Three months later, the website owner received a bill from the Getty picture library for £950 of “unpaid license fees.” For reasons best known to themselves, the hair salon decided to ignore Getty’s letter – never a smart move – and subsequently received an updated bill for over £1100. The author of the letter felt that Getty were bullying small companies and is quoted as saying that the images were worth “no more than £50 each.” What the author of the letter needs to understand is this: the customer does not get to decide how much the image is worth after they’ve used it. I am sure that the salon owner would take a dim view of a customer having their hair done and then saying “I think that cut was only worth £5!”
Unfortunately, the author of the letter made an all-to-common mistake and assumed that images found on the internet do not have any copyright restrictions on them, unless it is plastered all over the image. This is a complete fallacy. You should always assume that all images are subject to copyright restrictions, unless stated otherwise.

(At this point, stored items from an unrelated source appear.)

lemma (in dyadic_annular_chains) balls_chain:
  assumes "connected (UNIV::'a set)" "4 * L^2 \<le> 2^T"
    and M: "16 * lam * L^2 \<le> M" "real (T * N) \<le> M"
  shows "balls_chain lam M (1 / real N) x r centre radius"
proof -
  have "L \<le> L^2" "L^2 \<le> lam * L^2"
    using one_le_L one_le_lam by (simp_all add: power2_eq_square mult_le_cancel_left1)
  then have "3 \<le> M" "4 * L \<le> M"
    using M one_le_L by linarith+
  have diam_nonneg: "0 \<le> diameter (ball (centre i) (radius i))" for i
    by (simp add: diameter_ge_0)
  have diam_le: "diameter (ball (centre i) (radius i)) / M \<le> infdist x (ball (centre i) (radius i))" for i
  proof -
    have "diameter (ball (centre i) (radius i)) / M \<le> diameter (ball (centre i) (radius i))"
      using diam_nonneg[of i] \<open>3 \<le> M\<close> by (simp add: divide_le_eq mult_le_cancel_left1)
    then show ?thesis using diameter_le_infdist[of i] by linarith
  qed
  have le_diam: "infdist x (ball (centre i) (radius i)) \<le> M * diameter (ball (centre i) (radius i))" for i
    using infdist_le_diameter[OF assms(1), of i] mult_right_mono[OF M(1) diam_nonneg[of i]] by linarith
  have decay: "infdist x (ball (centre i) (radius i)) \<le> M * r * 2 powr (- (1 / real N) * real i)" for i
  proof -
    have "4 * L * r * 2 powr (- (1 / real N) * real i) \<le> M * r * 2 powr (- (1 / real N) * real i)"
      using \<open>4 * L \<le> M\<close> r_pos by (intro mult_right_mono) auto
    then show ?thesis using infdist_le_power[of i] by linarith
  qed
  have linked: "linked_balls M (centre i) (radius i) (centre (Suc i)) (radius (Suc i))" for i
    using linked_balls_mono[OF linked_consecutive \<open>3 \<le> M\<close>] .
  have card_le: "real (card {i. p \<in> ball (centre i) (lam * radius i)}) \<le> M" for p
  proof -
    have "card {i. p \<in> ball (centre i) (lam * radius i)} \<le> T * N"
      using card_enlarged_balls_containing_le[OF assms(2)] by blast
    then show ?thesis using M(2) by (meson of_nat_le_iff order_trans)
  qed
  show ?thesis
    unfolding balls_chain_def
    using radius_pos first_ball_outside diam_le le_diam decay linked card_le
      card_enlarged_balls_containing_le[OF assms(2)] by blast
qed

lemma (in doubling_metric_measure) dyadic_annular_chains_exist:
  assumes "connected (UNIV::'a set)" "annularly_connected L TYPE('a)" "1 \<le> L" "1 \<le> lam"
  obtains N where "0 < N"
    "\<And>(x::'a) r. admissible_radius TYPE('a) r \<Longrightarrow> \<exists>y nn f. dyadic_annular_chains x r L lam N y nn f"
proof -
  obtain n0 :: nat where n0: "96 * lam * L^2 \<le> 2^n0"
    using real_arch_pow[of 2 "96 * lam * L^2"] by (auto intro: less_imp_le)
  define N where "N = nat \<lceil>2 * C^n0\<rceil> + 1"
  have "\<exists>y nn f. dyadic_annular_chains x r L lam N y nn f"
    if r: "admissible_radius TYPE('a) r" for x :: 'a and r
  proof -
    have "0 < r" using r by (simp add: admissible_radius_def)
    obtain y where y: "\<And>k. dist x (y k) = 2 * (r / 2^k)"
      using dyadic_sphere_points[OF assms(1) r] by blast
    define A where "A k = annulus x (r / 2^k / L) (2 * (r / 2^k) * L)" for k :: nat
    define e where "e k = r / 2^k / (8 * lam * L)" for k :: nat
    have "\<exists>n g. eps_chain (A k) (e k) (y k) (y (Suc k)) n g \<and> n < N" for k
    proof -
      have pos: "0 < r / 2^k" and "dist x (y (Suc k)) = r / 2^k"
        using y[of "Suc k"] \<open>0 < r\<close> by simp_all
      then have "y k \<in> annulus x (r / 2^k) (2 * (r / 2^k))" "y (Suc k) \<in> annulus x (r / 2^k) (2 * (r / 2^k))"
        using y[of k] by (simp_all add: annulus_def)
      then obtain n g where "eps_chain (A k) (e k) (y k) (y (Suc k)) n g" "real n \<le> 2 * C^n0"
        unfolding A_def e_def by (rule short_eps_chain_in_annulus[OF assms(2,3,4) n0 pos])
      moreover have "2 * C^n0 \<le> real (nat \<lceil>2 * C^n0\<rceil>)" by (rule real_nat_ceiling_ge)
      ultimately have "n < N" unfolding N_def by linarith
      with \<open>eps_chain (A k) (e k) (y k) (y (Suc k)) n g\<close> show ?thesis by blast
    qed
    then obtain nn where "\<forall>k. \<exists>g. eps_chain (A k) (e k) (y k) (y (Suc k)) (nn k) g \<and> nn k < N"
      by (metis choice)
    then have "\<forall>k. nn k < N" "\<forall>k. \<exists>g. eps_chain (A k) (e k) (y k) (y (Suc k)) (nn k) g"
      by auto
    moreover from this(2) obtain f where "\<forall>k. eps_chain (A k) (e k) (y k) (y (Suc k)) (nn k) (f k)"
      by (auto dest!: choice)
    ultimately have "dyadic_annular_chains x r L lam N y nn f"
      using \<open>0 < r\<close> assms(3,4) y[of 0] unfolding A_def e_def by unfold_locales auto
    then show ?thesis by blast
  qed
  moreover have "0 < N" by (simp add: N_def)
  ultimately show ?thesis using that by blast
qed

theorem lemma3p3:
  fixes \<mu> :: "'a::metric_space measure" and L :: real
  assumes "doubling_measure \<mu>"
    and "connected (UNIV::'a set)"
    and "1 \<le> L"
    and "annularly_connected L TYPE('a)"
  shows "chain_condition TYPE('a)"
proof -
  obtain C where "doubling_metric_measure \<mu> C"
    using assms(1) by (rule doubling_measure_imp_doubling_metric_measure)
  then interpret doubling_metric_measure \<mu> C .
  show ?thesis unfolding chain_condition_iff_balls_chain
  proof (intro allI impI)
    fix lam :: real assume lam: "1 \<le> lam"
    obtain N where N: "0 < N"
      and chains: "\<And>(x::'a) r. admissible_radius TYPE('a) r \<Longrightarrow> \<exists>y nn f. dyadic_annular_chains x r L lam N y nn f"
      using dyadic_annular_chains_exist[OF assms(2,4,3) lam] by blast
    obtain T :: nat where T: "4 * L^2 \<le> 2^T"
      using real_arch_pow[of 2 "4 * L^2"] by (auto intro: less_imp_le)
    define M where "M = real (T * N) + 16 * lam * L^2"
    have M: "16 * lam * L^2 \<le> M" "real (T * N) \<le> M"
      using lam by (simp_all add: M_def)
    have "1 \<le> L^2" "1 * L^2 \<le> lam * L^2"
      using assms(3) lam by (simp_all add: one_le_power mult_right_mono)
    with M(1) have "1 \<le> M" by linarith
    have "\<exists>c s. balls_chain lam M (1 / real N) x r c s"
      if "admissible_radius TYPE('a) r" for x :: 'a and r
      using chains[OF that] dyadic_annular_chains.balls_chain[OF _ assms(2) T M(1,2)] by blast
    then show "\<exists>M m. 1 \<le> M \<and> 0 < m \<and> m \<le> 1 \<and>
        (\<forall>(x::'a) r. admissible_radius TYPE('a) r \<longrightarrow> (\<exists>c s. balls_chain lam M m x r c s))"
      using \<open>1 \<le> M\<close> N by (intro exI[of _ M] exI[of _ "1 / real N"]) auto
  qed
qed

end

As a working photographer whose only source of income is through the sale of my work, I protect my copyright vehemently. In the past, I have had images copied from my gallery and posted on Facebook, despite them featuring a watermark pointing out the legality of what they are doing. When confronted, the Facebook user tried several different tacks to justify her use of my photos.

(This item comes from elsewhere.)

(* Let $e_1,\dots,e_m$ be domains, in each of which a random pair $(X,Y)$ with $X\in\mathbb{R}^d$ is observed, and assume: (i) $Y$ is generated from a linear structural equation model $Y=\beta^\intercal X+N$ with coefficients $\beta\in\mathbb{R}^d$ and noise $N$ with finite second moment; (ii) predictors are linear, $x\mapsto\hat\beta^\intercal x$ with $\hat\beta\in\mathbb{R}^d$; (iii) the loss is squared error, so the risk in domain $e_i$ is $\mathcal{R}^{e_i}(\hat\beta)=\mathbb{E}_{e_i}[(Y-\hat\beta^\intercal X)^2]$; (iv) the risk $\mathbb{E}_{e_i}[(Y-\beta^\intercal X)^2]$ of the causal predictor $\beta$ is the same for all $i=1,\dots,m$; (v) in every domain $e_i$ the covariates and the noise are centered, $\mathbb{E}_{e_i}[X]=0$ and $\mathbb{E}_{e_i}[N]=0$, and the system of equations in $x\in\mathbb{R}^d$ $$0\ge x^\intercal\mathrm{Cov}_{e_1}(X,X)x+2x^\intercal\mathrm{Cov}_{e_1}(X,N)=\cdots=x^\intercal\mathrm{Cov}_{e_m}(X,X)x+2x^\intercal\mathrm{Cov}_{e_m}(X,N)$$ has the unique solution $x=0$. If $\hat\beta$ is a minimal invariant-risk predictor, then $\hat\beta=\beta$.
   Context: A linear predictor $\hat\beta$ is an invariant-risk predictor if $\mathcal{R}^{e_1}(\hat\beta)=\cdots=\mathcal{R}^{e_m}(\hat\beta)$; it is a minimal invariant-risk predictor if it is an invariant-risk predictor whose (common) risk is minimal among all invariant-risk linear predictors. $\mathrm{Cov}_{e_i}$ denotes covariance under the distribution of domain $e_i$. *)

theory Defs
  imports "HOL-Probability.Probability"
begin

1) They were photos of her and her horse, so she owned the copyright. Unfortunately, copyright doesn’t work that way. Under the Copyright and Patents Act 1998 ascribes the copyright of an image to the photographer, not the subject. Thinking otherwise is just plain foolish – it would mean that Tom Cruise would own the copyright for any film in which he features.
2) She was publicising my business. Since my images were all watermarked, she claimed that she was doing me a favour by posting my photos for her friends to see. I wonder if I could use the same defence if I walked out of the Nike store without paying for one of their shirts – after all, I would simply be advertising for them.
3) She had lifted 34 photos and it wasn’t fair to expect her to pay for them all. Really? If a photograph is good enough for you to use on your website of Facebook page, then it is good enough to pay what the photographer is asking for it. If you feel that the photographer is asking too much for the image then don’t buy it, but you don’t have the right to use it anyway!
Some people look on copyright infringement as a victimless crime: it isn’t. I have to pay for my equipment, I have to put fuel in my van, I have to spend time travelling to the various venues where I work, I have to pay my taxes, I have to pay my mortgage – the money for which has to come from the sale of my photos. The venue where I took the photos that this girl lifted charged me a pitch fee to attend – why should someone think that they have the right to use a photograph without paying anything for it?